I think the first time programming really 'clicked' for me was when I needed to create a script to move around 1000 users from one OU to another in Active Directory. I quickly started Googling on the ol' Bing, and I managed to whip something together with the multitudes of knowledge out there.
This was the first time that I had a real taste of the power programming can unlock, and that power was intoxicating.
Over the course of my ops career I started creating a lot of tooling to pursue the goal of faster, more flexible infrastructure. During this time I noticed that some of my colleagues really started acting different around me.
All of a sudden, I felt very alienated from the rest of the operations community, but I wasn't being embraced by most of the developers either.
I think a lot of the culture issues quickly I faced subsided when we had Insert large amount of copies of the Phoenix Project floating around the office.
While I working on a team with Sarah Flint, and Matt Alioto called Automation Task Force (that is the actual name). One of my good friends Nicholas Pirollo mentioned I should join the gallery team. This was further reinforced by Drew Ditto the lead developer. As someone who spent their entire career in ops, and never thought about being a Software Engineer. I was immediately skeptical if I could even add value to their team. I took the risk, and plunged into what is basically a new career.
The one amazing thing about Vistaprint...erm..Cimpress is the fluidity at which people can grow, and change their careers (and I'm not getting paid to write this either). I've grown a ton over the last 4 years already. Within a month of saying "sure I'll come work for you guys" I was on their team, and was already working on some major changes that I probably shouldn't hint about.
My being on this team has certainly helped things move a little. A lot of ops people have come to me for dev-centric questions, and I have been increasingly helpful in providing them a perspective of what developers at Cimpress want. While also telling the people on my (new) team, how to structure requests to the ops teams, and how we can make our application(s) more accessible to our operations brethren. That being said I didn't write this to give you the typical 'DevOps' story, but unfortunately as I write this it is slowly turning out this way.
I feel that I have matured a lot. I have really started to understand the problems developers around me face, when they have little domain knowledge on what would be more traditional IT things. I am not really good at understanding human relationships, but this move as certainly made me realize how two groups of very similar people can be different. The one thing that has really irked me lately is both of these groups of people have more things in common, than differences.

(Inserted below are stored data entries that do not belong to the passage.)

lemma slope_of_ratio_surj:
  assumes "0 < y"
  shows "\<exists>r>1. slope_of_ratio r = y"
proof -
  obtain r1 where r1: "1 < r1" "r1 < 2" "y < slope_of_ratio r1"
    using slope_of_ratio_exceeds[OF assms] by blast
  obtain r2 where r2: "2 < r2" "slope_of_ratio r2 < y"
    using slope_of_ratio_below[OF assms] by blast
  have "continuous_on {r1..r2} slope_of_ratio"
    using r1 by (intro continuous_on_subset[OF continuous_on_slope_of_ratio]) auto
  then obtain r where "r1 \<le> r" "slope_of_ratio r = y"
    using IVT2'[of slope_of_ratio r2 y r1] r1 r2 by auto
  then show ?thesis using r1 by (intro exI[of _ r]) auto
qed

text \<open>The two stationarity conditions of the optimisation problem: eliminating the queue slope \<open>t\<close>
  between them gives \<open>dim_balance k = ratio_balance r\<close>.\<close>
lemma stationary_conditions_solve:
  assumes k: "0 < k" and r: "1 < r"
    and dk: "(a * r + c) * t = J * (b + d * ln (r / (r - 1))) / k\<^sup>2"
    and dr: "(a * k + b * J) * t = (c + d * J / k) / (r * (r - 1))"
  shows "dim_of_ratio r = k" "slope_of_ratio r = t"
proof -
  have akb: "0 < a * k + b * J" using dU_dr_pos[OF k] .
  have arc: "0 < a * r + c" using dU_dk_pos r by simp
  have w: "0 < r * (r - 1)" using r by simp
  have "t = (c + d * J / k) / (r * (r - 1)) / (a * k + b * J)"
    unfolding dr[symmetric] using akb by simp
  also have "\<dots> = dim_slope k / (r * (r - 1))"
    unfolding dim_slope_def using k akb w by (simp add: divide_simps)
  finally have t: "t = dim_slope k / (r * (r - 1))" .
  let ?B = "b + d * ln (r / (r - 1))"
  have "(a * r + c) * (c * k + d * J) / (k * (a * k + b * J) * (r * (r - 1))) = J * ?B / k\<^sup>2"
    using dk unfolding t dim_slope_def by simp
  then have "(a * r + c) * (c * k + d * J) * k\<^sup>2 = J * ?B * (k * (a * k + b * J) * (r * (r - 1)))"
    using k akb w by (subst (asm) frac_eq_eq) auto
  then have "((a * r + c) * (c * k + d * J) * k) * k = (J * ?B * ((a * k + b * J) * (r * (r - 1)))) * k"
    by (simp add: power2_eq_square ac_simps)
  then have "k * (c * k + d * J) * (a * r + c) = r * (r - 1) * ?B * (J * (a * k + b * J))"
    using k by (simp add: ac_simps)
  then have "dim_balance k = ratio_balance r"
    unfolding dim_balance_def ratio_balance_def using akb arc J_pos by (simp add: frac_eq_eq)
  then show "dim_of_ratio r = k"
    unfolding dim_of_ratio_def using dim_balance_inv_dim_balance[OF k] by simp
  then show "slope_of_ratio r = t" unfolding slope_of_ratio_def t by simp
qed

definition opt_ratio :: "real \<Rightarrow> real \<Rightarrow> real" where
  "opt_ratio Lr q = (THE r. 1 < r \<and> slope_of_ratio r = slope_of_queue Lr q)"

definition opt_dim :: "real \<Rightarrow> real \<Rightarrow> real" where
  "opt_dim Lr q = dim_of_ratio (opt_ratio Lr q)"

definition opt_length :: "real \<Rightarrow> real \<Rightarrow> real" where
  "opt_length Lr q = opt_dim Lr q * opt_ratio Lr q"

lemma slope_of_ratio_inj: "inj_on slope_of_ratio {1<..}"
proof (rule inj_onI)
  fix r r' assume r: "r \<in> {1<..}" "r' \<in> {1<..}" and eq: "slope_of_ratio r = slope_of_ratio r'"
  show "r = r'"
  proof (rule linorder_cases[of r r'])
    assume "r < r'"
    then show ?thesis using monotone_onD[OF slope_of_ratio_strict_antimono r] eq by simp
  next
    assume "r' < r"
    then show ?thesis using monotone_onD[OF slope_of_ratio_strict_antimono r(2,1)] eq by simp
  qed
qed

lemma opt_ratio_spec:
  assumes "0 < Lr" "0 < q"
  shows "1 < opt_ratio Lr q \<and> slope_of_ratio (opt_ratio Lr q) = slope_of_queue Lr q"
proof -
  let ?P = "\<lambda>r. 1 < r \<and> slope_of_ratio r = slope_of_queue Lr q"
  obtain r where r: "?P r"
    using slope_of_ratio_surj[OF slope_of_queue_pos[OF assms]] by blast
  have "r' = r" if "?P r'" for r'
    using that r inj_onD[OF slope_of_ratio_inj, of r' r] by simp
  then show ?thesis unfolding opt_ratio_def using theI[of ?P r] r by blast
qed

lemma opt_ratio_eqI:
  assumes "0 < Lr" "0 < q" "1 < r" "slope_of_ratio r = slope_of_queue Lr q"
  shows "opt_ratio Lr q = r"
  using opt_ratio_spec[OF assms(1,2)] assms(3,4) inj_onD[OF slope_of_ratio_inj, of "opt_ratio Lr q" r]
  by simp

lemma opt_ratio_gt_1: "0 < Lr \<Longrightarrow> 0 < q \<Longrightarrow> 1 < opt_ratio Lr q"
  using opt_ratio_spec by blast

lemma opt_ratio_strict_antimono:
  assumes Lr: "0 < Lr"
  shows "strict_antimono_on {0<..} (opt_ratio Lr)"
proof -
  have "strict_mono_on {1<..} (\<lambda>r. - slope_of_ratio r)"
    using slope_of_ratio_strict_antimono by (simp add: monotone_on_def)
  then have "monotone_on {0<..} (\<lambda>x y. y < x) (<) (opt_ratio Lr)"
  proof (rule monotone_on_cancel_strict_mono)
    show "opt_ratio Lr ` {0<..} \<subseteq> {1<..}" using opt_ratio_gt_1[OF Lr] by auto
    show "monotone_on {0<..} (\<lambda>x y. y < x) (<) (\<lambda>q. - slope_of_ratio (opt_ratio Lr q))"
      using opt_ratio_spec[OF Lr] strict_mono_onD[OF slope_of_queue_strict_mono[OF Lr]]
      by (simp add: monotone_on_def)
  qed
  then show ?thesis by (simp add: monotone_on_def)
qed

lemma opt_dim_strict_antimono:
  assumes Lr: "0 < Lr"
  shows "strict_antimono_on {0<..} (opt_dim Lr)"
proof (rule monotone_onI)
  fix q q' :: real assume q: "q \<in> {0<..}" "q' \<in> {0<..}" "q < q'"
  then have "opt_ratio Lr q' < opt_ratio Lr q" "1 < opt_ratio Lr q'"
    using monotone_onD[OF opt_ratio_strict_antimono[OF Lr]] opt_ratio_gt_1[OF Lr] by auto
  then show "opt_dim Lr q' < opt_dim Lr q"
    unfolding opt_dim_def using strict_mono_onD[OF dim_of_ratio_strict_mono] by simp
qed
lemma subatomic_nfa_of_rep:
  fixes L :: "'a list set"
  assumes rep: "bool_rep L S j b \<rho>" and ext: "extends_canonical L S j b \<rho>"
  shows "\<exists>A :: 'a nfa. wf_nfa A \<and> nfa_lang A = L \<and> subatomic A
           \<and> card (states A) = card (join_irr S j b)"
proof -
  obtain f :: "'a list set \<Rightarrow> nat" where f_inj: "inj_on f (LQ L)" and f_in: "\<forall>K\<in>LQ L. f K \<in> S"
    and f_Un: "\<forall>K\<in>LQ L. \<forall>K'\<in>LQ L. f (K \<union> K') = j (f K) (f K')"
    and f_lder: "\<forall>w. \<forall>K\<in>LQ L. f (lder w K) = \<rho> (syn_class L w) (f K)"
    using ext unfolding extends_canonical_def by blast
  define r where "r w = \<rho> (syn_class L w)" for w
  interpret jsl_action S j b r
    using rep unfolding bool_rep_def r_def by unfold_locales auto
  have "finite (LQ L)"
    using f_inj f_in finite_S by (metis finite_imageD finite_subset image_subsetI)
  then have K0: "rejecting_part L \<in> LQ L"
    by (rule rejecting_part_in_LQ)
  have le_rejecting_iff: "le (f K) (f (rejecting_part L)) \<longleftrightarrow> K \<subseteq> rejecting_part L"
    if "K \<in> LQ L" for K
    using jsl_le_image_iff_subset[OF f_inj K0 LQ_Un[OF that K0]] f_Un that K0 by simp
  define A where "A = join_irr_nfa S j b r (f L) (f (rejecting_part L))"
  have "nfa_lang A = {w. \<not> le (f (lder w L)) (f (rejecting_part L))}"
    unfolding A_def using f_in f_lder self_in_LQ[of L] K0 by (simp add: nfa_lang_join_irr_nfa r_def)
  also have "\<dots> = {w. [] \<in> lder w L}"
    by (simp add: le_rejecting_iff[OF lder_in_LQ] Nil_in_LQ_iff[OF lder_in_LQ])
  also have "\<dots> = L"
    by (simp add: lder_def)
  finally have lang: "nfa_lang A = L" .
  have wf: "wf_nfa A"
    unfolding A_def by (rule wf_join_irr_nfa)
  have "subatomic A"
    unfolding subatomic_iff_syn_saturated[OF wf] lang
  proof
    fix y assume "y \<in> states A"
    then show "syn_saturated L (state_lang A y)"
      unfolding A_def using f_in K0
      by (intro syn_saturated_state_lang_join_irr_nfa) (auto simp: join_irr_nfa_def r_def syn_class_eq)
  qed
  moreover have "card (states A) = card (join_irr S j b)"
    by (simp add: A_def join_irr_nfa_def)
  ultimately show ?thesis
    using wf lang by blast
qed

text \<open>Boolean representations are carried by sets of naturals, so a finite family of
  languages closed under union is transported to nat along an injective coding.\<close>
locale coded_family =
  fixes F :: "'b set set" and code :: "'b set \<Rightarrow> nat"
  assumes finite_F: "finite F" and inj_code: "inj_on code F"
    and empty_in_F: "{} \<in> F" and Un_in_F: "X \<in> F \<Longrightarrow> Y \<in> F \<Longrightarrow> X \<union> Y \<in> F"
begin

Yet both groups seem hell bent to point out each others failings.
I guess my whole point in this whole thing is to try to gain someone else's perspective. That is probably what mixed Developer/Ops teams try to gain. Lets be honest dev's and op's have more or less a symbiotic relationship. Even with every cloud technology at you command, you will still need ops people once you get to a certain scale, and ops people cannot administrate systems that don't do anything. Lets come together and get along, for the good of OUR industry.
tl;dr I was a sysadmin, now a dev. Why Can't we all get along?